**TASK BRIEF:** Exactly how many lines in the listing contain "that"? Respond with the number and nothing more.

**INPUT FOR THIS TASK:**
<<<<

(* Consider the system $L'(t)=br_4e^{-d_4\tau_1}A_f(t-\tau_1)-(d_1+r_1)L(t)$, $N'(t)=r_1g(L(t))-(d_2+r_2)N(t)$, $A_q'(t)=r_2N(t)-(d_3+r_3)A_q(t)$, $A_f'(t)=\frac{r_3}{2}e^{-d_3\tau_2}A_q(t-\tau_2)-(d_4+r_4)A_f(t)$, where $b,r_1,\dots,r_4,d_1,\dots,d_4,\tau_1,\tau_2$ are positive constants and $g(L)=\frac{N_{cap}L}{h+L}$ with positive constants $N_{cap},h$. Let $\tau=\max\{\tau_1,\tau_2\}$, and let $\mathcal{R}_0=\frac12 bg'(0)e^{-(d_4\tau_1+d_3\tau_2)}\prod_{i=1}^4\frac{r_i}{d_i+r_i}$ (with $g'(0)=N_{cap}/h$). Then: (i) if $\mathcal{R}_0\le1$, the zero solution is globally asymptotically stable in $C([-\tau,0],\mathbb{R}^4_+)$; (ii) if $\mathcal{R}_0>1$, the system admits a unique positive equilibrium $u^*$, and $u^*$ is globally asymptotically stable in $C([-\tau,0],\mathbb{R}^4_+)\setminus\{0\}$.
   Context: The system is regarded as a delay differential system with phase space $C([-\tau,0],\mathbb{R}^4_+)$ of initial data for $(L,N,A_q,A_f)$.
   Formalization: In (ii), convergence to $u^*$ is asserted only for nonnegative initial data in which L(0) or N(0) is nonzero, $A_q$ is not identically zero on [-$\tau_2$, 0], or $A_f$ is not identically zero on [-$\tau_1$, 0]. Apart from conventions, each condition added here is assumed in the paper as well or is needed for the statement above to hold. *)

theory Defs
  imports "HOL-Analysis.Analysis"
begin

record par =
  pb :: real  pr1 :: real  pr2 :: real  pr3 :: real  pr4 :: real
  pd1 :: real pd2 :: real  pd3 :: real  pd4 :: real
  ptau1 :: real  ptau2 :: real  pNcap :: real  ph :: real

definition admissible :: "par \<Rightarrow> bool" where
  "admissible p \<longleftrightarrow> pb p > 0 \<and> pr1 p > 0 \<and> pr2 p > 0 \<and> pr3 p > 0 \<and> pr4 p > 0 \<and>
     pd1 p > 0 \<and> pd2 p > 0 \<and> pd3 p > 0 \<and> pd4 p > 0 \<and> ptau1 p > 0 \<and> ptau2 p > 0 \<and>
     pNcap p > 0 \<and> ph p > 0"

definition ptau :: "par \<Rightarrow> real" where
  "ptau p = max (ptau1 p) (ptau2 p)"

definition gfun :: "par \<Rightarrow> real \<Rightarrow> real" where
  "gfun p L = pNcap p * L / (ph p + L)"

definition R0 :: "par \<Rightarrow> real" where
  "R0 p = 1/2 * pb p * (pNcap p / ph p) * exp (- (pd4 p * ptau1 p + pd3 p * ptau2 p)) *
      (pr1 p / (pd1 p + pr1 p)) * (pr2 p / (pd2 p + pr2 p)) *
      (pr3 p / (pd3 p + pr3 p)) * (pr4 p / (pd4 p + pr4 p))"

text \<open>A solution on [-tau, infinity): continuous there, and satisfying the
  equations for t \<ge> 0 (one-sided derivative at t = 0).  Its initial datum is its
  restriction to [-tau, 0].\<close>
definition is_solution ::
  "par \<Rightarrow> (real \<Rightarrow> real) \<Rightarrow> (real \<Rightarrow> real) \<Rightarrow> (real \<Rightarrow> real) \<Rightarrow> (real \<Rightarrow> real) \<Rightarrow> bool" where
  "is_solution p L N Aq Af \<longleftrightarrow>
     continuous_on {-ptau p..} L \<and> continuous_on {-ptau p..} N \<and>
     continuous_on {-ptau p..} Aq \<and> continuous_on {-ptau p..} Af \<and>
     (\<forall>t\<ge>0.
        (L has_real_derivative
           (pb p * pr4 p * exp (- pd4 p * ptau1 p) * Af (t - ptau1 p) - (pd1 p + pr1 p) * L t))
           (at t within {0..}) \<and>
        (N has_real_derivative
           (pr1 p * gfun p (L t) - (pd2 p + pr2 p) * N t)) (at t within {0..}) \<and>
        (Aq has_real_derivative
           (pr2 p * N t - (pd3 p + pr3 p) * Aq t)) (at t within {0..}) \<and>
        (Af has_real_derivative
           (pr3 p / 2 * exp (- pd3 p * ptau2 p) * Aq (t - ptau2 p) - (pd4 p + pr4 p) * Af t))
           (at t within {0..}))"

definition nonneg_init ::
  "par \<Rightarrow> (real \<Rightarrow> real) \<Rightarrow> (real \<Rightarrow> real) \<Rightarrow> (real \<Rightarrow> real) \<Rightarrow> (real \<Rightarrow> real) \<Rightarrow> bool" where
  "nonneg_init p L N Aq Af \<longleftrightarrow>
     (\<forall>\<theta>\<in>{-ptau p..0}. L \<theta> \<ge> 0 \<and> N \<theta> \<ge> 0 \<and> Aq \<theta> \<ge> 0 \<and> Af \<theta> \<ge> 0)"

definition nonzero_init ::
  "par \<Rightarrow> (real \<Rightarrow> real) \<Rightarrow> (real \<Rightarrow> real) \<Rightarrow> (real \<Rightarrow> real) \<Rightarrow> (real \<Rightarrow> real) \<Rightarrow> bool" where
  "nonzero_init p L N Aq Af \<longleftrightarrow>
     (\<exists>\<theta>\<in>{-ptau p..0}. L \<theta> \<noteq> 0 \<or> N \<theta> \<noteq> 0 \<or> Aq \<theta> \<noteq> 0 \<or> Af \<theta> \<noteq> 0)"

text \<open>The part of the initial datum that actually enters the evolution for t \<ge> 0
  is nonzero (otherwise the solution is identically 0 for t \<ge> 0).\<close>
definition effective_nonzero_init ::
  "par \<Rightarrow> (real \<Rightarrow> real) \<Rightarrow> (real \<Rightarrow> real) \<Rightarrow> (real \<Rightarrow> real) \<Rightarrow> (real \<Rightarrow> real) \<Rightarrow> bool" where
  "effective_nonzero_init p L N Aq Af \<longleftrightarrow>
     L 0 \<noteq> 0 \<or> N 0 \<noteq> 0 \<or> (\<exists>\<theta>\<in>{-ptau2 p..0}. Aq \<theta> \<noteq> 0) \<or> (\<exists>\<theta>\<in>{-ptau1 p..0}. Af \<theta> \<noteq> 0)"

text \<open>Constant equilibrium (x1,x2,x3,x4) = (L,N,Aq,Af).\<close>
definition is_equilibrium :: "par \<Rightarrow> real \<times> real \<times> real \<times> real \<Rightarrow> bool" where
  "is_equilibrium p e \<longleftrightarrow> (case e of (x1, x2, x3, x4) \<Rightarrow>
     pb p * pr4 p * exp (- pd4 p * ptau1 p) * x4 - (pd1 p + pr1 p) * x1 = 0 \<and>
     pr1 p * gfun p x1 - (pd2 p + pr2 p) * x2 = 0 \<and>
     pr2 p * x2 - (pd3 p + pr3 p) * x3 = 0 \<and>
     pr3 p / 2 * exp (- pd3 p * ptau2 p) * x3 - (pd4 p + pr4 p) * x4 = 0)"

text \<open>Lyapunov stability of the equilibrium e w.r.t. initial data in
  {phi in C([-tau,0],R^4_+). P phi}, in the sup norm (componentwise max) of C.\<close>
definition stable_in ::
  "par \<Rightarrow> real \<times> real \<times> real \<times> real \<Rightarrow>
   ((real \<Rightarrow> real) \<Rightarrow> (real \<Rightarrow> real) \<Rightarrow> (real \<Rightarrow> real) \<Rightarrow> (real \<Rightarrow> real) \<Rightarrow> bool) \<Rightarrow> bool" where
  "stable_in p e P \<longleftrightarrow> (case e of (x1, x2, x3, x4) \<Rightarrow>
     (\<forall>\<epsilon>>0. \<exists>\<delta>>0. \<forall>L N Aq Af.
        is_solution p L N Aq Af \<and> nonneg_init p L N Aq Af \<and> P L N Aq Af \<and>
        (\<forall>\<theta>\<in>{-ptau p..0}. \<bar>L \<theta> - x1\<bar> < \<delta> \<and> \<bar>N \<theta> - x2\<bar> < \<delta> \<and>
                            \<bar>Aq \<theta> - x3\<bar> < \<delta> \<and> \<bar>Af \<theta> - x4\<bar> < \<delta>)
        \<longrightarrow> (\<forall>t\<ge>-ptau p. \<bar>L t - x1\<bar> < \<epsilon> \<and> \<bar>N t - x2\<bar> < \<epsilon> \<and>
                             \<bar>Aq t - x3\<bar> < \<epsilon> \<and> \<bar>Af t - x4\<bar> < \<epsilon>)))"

>>>>
<<<<

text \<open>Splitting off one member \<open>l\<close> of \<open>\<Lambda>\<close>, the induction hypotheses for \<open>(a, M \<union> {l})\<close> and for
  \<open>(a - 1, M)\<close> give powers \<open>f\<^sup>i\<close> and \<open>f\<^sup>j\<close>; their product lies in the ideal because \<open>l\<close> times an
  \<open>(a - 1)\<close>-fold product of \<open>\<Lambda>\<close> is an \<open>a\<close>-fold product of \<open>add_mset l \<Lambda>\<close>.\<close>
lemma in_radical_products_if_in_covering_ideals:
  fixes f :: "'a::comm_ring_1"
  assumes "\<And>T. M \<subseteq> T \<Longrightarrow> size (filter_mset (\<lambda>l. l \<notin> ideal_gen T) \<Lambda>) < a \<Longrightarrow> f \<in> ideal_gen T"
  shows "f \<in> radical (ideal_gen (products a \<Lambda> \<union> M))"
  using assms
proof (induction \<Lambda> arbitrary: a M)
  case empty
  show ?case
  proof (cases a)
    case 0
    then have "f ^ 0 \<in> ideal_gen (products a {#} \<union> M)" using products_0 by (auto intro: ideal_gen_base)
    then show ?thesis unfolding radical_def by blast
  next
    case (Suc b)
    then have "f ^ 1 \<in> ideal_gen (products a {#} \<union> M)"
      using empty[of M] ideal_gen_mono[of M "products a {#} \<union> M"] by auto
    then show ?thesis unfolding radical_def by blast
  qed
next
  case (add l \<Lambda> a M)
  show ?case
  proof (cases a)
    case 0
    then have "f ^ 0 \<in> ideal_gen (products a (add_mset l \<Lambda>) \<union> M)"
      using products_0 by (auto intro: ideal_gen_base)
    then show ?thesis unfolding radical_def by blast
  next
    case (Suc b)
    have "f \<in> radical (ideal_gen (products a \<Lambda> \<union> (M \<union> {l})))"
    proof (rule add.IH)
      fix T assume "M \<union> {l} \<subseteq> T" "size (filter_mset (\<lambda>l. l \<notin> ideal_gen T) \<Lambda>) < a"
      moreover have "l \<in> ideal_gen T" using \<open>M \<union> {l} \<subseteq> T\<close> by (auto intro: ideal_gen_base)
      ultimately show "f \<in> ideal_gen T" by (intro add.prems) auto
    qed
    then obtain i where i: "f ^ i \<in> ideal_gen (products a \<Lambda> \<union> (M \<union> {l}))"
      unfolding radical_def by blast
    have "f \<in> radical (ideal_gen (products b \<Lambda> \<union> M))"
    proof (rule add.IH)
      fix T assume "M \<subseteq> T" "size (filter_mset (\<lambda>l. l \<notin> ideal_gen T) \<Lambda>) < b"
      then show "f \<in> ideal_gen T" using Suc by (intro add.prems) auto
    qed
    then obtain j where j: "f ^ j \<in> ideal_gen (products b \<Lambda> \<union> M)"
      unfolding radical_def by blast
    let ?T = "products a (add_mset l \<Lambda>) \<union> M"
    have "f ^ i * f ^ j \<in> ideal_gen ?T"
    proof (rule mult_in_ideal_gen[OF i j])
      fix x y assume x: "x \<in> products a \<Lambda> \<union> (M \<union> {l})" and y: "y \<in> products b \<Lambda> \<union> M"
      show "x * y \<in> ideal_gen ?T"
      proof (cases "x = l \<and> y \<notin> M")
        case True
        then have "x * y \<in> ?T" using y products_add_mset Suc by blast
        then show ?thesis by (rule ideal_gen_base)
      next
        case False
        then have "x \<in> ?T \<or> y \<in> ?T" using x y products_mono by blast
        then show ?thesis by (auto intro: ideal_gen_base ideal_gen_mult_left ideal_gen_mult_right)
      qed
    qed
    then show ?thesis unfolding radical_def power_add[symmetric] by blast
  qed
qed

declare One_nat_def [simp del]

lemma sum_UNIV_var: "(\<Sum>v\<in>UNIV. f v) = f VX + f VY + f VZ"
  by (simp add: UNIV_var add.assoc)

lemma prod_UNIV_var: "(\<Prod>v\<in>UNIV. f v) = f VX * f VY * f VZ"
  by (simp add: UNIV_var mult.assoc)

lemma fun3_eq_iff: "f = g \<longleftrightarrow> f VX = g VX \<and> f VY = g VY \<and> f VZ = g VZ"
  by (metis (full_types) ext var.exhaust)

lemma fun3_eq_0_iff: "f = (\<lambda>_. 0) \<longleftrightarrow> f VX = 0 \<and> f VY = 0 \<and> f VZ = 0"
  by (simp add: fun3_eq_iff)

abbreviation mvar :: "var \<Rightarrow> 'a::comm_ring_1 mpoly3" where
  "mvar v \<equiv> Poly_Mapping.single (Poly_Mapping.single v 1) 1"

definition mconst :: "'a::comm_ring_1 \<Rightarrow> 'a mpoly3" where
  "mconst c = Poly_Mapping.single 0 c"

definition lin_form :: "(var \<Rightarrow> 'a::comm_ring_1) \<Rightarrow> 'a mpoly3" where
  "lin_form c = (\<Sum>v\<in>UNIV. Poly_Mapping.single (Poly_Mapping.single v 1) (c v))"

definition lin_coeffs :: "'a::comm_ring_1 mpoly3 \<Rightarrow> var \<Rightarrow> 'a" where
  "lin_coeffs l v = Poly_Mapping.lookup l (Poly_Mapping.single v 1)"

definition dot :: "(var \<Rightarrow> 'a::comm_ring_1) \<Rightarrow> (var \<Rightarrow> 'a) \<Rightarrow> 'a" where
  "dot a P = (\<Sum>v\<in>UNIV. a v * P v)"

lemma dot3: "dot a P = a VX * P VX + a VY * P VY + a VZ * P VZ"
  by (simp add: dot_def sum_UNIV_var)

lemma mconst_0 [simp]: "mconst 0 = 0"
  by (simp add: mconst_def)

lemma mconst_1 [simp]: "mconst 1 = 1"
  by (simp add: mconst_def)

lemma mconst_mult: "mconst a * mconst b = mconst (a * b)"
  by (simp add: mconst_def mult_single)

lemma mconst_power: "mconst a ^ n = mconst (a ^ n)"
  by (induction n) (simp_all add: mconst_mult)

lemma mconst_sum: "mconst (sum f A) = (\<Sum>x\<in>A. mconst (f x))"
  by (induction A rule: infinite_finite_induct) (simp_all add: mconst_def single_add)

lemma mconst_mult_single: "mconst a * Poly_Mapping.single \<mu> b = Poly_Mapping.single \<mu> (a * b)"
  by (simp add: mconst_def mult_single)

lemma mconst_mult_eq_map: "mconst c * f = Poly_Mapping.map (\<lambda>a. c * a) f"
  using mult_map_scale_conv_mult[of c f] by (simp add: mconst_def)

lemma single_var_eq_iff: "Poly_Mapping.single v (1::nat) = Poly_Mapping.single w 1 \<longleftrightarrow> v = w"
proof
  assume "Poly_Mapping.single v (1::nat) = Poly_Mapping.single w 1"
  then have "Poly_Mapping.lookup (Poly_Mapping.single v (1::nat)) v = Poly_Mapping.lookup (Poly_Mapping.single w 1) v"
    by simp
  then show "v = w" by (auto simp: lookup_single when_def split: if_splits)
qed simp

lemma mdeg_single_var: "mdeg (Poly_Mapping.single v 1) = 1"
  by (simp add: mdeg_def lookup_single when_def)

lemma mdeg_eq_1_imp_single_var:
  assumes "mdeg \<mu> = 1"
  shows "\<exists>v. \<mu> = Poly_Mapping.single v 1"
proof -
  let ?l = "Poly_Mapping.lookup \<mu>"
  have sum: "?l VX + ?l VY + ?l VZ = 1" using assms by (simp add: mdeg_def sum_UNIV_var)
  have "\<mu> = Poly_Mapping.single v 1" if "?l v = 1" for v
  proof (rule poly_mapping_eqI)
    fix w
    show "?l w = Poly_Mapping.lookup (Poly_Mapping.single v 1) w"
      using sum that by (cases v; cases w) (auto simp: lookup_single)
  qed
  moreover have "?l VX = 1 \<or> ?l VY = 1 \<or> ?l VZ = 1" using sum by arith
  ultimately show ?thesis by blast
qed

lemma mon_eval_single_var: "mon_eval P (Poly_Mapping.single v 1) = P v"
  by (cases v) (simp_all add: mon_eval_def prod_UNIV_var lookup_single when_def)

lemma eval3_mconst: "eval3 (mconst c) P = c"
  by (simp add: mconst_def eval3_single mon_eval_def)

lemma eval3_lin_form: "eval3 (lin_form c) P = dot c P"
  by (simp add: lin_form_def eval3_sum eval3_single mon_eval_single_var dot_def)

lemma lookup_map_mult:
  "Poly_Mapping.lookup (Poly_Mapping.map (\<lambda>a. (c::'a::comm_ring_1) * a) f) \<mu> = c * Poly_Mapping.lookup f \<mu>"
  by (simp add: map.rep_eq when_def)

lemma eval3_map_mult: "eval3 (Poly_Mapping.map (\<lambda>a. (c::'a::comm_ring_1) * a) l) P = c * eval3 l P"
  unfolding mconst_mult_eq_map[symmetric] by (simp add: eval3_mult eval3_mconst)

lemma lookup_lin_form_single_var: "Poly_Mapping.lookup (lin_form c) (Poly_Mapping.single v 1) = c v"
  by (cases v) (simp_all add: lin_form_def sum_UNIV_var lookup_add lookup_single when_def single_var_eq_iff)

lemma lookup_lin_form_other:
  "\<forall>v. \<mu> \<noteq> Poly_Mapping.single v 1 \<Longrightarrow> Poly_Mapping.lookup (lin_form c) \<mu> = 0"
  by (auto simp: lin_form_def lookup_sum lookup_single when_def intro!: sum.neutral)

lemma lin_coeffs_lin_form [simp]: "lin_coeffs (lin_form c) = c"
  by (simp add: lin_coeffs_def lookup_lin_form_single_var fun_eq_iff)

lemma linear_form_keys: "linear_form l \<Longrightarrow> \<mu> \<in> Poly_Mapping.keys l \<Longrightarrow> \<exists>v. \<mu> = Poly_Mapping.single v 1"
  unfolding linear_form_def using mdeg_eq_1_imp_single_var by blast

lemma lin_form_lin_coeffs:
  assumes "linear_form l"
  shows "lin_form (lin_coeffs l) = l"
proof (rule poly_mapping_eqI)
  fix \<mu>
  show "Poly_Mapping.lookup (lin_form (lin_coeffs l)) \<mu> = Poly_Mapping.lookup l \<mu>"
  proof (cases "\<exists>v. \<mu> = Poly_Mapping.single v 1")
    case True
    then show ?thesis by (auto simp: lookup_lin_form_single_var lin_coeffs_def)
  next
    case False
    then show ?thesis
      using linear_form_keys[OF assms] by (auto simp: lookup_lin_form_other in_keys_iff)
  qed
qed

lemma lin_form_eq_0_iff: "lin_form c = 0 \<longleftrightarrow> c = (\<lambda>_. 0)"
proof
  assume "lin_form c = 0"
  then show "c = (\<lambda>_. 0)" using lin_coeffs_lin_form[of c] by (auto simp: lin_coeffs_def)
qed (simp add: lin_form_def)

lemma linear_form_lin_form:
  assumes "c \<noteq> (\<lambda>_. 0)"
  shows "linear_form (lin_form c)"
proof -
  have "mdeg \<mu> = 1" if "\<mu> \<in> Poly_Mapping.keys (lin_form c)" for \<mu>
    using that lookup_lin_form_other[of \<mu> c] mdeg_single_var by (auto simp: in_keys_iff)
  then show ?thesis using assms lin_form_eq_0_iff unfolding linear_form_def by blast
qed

>>>>

**REPLY TO THE TASK:** 3